### REQUIREMENT
What is needed here is every line of the records that includes "Rightarrow".

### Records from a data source
—————
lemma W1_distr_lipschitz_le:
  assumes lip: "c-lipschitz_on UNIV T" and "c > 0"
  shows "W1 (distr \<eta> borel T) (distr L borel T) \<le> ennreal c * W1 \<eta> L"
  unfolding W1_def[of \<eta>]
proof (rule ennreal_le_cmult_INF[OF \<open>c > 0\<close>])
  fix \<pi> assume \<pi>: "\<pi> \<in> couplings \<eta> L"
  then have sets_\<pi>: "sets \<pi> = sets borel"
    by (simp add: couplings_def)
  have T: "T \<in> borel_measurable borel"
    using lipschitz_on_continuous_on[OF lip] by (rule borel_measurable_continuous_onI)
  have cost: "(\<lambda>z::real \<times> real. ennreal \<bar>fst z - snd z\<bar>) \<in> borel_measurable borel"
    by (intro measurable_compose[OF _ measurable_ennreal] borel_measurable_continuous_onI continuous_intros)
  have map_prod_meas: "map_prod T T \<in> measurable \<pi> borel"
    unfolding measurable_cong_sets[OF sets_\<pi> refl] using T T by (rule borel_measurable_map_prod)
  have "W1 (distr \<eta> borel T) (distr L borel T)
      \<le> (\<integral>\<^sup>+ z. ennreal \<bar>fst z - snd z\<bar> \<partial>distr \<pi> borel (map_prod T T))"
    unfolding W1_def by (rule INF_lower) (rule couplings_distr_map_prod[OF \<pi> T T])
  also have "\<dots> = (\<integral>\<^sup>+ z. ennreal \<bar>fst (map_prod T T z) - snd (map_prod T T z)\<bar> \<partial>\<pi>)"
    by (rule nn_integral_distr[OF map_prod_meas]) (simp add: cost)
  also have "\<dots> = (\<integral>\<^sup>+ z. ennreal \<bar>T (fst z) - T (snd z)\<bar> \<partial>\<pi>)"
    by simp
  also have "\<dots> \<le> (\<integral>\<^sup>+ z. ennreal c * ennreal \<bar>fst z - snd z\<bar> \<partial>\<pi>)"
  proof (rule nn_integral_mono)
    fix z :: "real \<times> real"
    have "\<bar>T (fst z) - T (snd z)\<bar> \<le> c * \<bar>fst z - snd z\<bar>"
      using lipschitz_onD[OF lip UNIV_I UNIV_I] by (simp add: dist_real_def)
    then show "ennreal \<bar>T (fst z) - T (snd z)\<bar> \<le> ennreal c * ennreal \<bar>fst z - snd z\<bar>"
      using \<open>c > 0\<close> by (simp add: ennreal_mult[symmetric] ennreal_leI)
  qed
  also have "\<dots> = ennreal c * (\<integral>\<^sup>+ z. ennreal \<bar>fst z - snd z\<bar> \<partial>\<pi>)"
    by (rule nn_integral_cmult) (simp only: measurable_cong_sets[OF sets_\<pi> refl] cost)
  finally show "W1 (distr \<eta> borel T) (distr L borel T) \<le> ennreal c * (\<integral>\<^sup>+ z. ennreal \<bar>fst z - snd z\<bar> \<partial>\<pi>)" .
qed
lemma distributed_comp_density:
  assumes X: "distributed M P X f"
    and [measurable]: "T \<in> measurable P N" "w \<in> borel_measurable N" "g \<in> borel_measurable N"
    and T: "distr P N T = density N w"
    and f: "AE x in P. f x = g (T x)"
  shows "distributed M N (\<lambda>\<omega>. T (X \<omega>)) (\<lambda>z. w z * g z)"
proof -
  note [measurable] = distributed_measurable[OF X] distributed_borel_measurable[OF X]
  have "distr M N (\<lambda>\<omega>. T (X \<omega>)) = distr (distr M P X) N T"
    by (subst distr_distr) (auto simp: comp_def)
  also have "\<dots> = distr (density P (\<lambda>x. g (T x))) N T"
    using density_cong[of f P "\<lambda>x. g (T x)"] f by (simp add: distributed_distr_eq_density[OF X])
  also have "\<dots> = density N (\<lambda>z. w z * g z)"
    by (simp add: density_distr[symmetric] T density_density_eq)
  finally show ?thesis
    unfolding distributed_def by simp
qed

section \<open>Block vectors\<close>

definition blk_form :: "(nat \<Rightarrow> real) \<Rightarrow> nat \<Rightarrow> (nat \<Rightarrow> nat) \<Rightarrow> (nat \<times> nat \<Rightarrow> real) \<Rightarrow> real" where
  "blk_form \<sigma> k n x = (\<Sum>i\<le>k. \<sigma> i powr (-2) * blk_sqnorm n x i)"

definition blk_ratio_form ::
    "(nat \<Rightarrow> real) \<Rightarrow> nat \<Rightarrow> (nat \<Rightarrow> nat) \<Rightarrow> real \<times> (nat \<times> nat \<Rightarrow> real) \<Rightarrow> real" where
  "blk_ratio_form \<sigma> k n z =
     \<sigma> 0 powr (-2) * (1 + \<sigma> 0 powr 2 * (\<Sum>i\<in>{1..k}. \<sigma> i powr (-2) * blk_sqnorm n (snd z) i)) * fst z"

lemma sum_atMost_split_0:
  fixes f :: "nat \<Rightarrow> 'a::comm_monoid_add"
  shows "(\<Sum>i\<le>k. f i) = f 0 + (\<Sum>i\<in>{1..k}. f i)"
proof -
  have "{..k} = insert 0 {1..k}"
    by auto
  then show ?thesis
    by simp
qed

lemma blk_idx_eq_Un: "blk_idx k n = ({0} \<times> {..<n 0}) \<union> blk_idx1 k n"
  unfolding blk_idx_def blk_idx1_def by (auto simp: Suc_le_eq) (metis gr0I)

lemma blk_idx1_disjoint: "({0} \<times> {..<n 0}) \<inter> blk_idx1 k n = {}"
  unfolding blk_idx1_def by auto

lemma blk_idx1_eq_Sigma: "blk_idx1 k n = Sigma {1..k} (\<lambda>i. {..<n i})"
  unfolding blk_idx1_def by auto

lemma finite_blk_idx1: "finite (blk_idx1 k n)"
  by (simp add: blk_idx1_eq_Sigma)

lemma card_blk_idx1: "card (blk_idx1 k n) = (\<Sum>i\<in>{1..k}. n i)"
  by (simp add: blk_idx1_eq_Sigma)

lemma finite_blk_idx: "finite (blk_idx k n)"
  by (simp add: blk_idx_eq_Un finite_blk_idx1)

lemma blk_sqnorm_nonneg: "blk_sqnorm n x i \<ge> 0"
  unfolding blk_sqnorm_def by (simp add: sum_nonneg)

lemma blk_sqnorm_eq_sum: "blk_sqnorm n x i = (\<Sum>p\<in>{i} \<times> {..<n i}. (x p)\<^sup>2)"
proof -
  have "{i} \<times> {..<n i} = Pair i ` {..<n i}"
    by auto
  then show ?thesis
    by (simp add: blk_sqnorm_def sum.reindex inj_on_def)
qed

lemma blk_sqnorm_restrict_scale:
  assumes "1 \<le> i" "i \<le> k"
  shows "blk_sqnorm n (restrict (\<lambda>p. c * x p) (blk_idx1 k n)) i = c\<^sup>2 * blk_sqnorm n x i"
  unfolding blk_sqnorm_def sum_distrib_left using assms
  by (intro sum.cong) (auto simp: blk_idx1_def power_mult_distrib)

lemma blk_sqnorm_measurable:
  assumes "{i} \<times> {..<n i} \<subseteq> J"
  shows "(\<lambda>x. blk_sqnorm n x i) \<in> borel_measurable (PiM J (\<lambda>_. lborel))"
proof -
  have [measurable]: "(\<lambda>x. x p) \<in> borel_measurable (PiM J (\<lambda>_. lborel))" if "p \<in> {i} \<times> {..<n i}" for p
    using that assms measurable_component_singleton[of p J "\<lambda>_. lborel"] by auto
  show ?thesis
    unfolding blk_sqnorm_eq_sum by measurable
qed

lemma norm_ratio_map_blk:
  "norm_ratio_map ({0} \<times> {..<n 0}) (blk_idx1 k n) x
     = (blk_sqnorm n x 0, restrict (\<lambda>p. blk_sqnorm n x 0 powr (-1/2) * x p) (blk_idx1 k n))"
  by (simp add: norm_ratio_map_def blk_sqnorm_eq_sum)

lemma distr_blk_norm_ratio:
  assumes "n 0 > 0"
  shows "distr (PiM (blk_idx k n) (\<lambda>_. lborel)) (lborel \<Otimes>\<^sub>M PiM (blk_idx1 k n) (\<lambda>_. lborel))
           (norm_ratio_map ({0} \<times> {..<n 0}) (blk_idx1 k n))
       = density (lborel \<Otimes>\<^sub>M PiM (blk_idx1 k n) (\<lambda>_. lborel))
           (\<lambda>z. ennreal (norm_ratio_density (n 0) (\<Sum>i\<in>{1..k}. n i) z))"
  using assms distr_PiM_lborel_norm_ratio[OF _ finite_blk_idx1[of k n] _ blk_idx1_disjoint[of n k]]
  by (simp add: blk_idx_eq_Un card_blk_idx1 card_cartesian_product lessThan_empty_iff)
—————
### RESULT OF THE TASK
definition blk_form :: "(nat \<Rightarrow> real) \<Rightarrow> nat \<Rightarrow> (nat \<Rightarrow> nat) \<Rightarrow> (nat \<times> nat \<Rightarrow> real) \<Rightarrow> real" where
    "(nat \<Rightarrow> real) \<Rightarrow> nat \<Rightarrow> (nat \<Rightarrow> nat) \<Rightarrow> real \<times> (nat \<times> nat \<Rightarrow> real) \<Rightarrow> real" where
  fixes f :: "nat \<Rightarrow> 'a::comm_monoid_add"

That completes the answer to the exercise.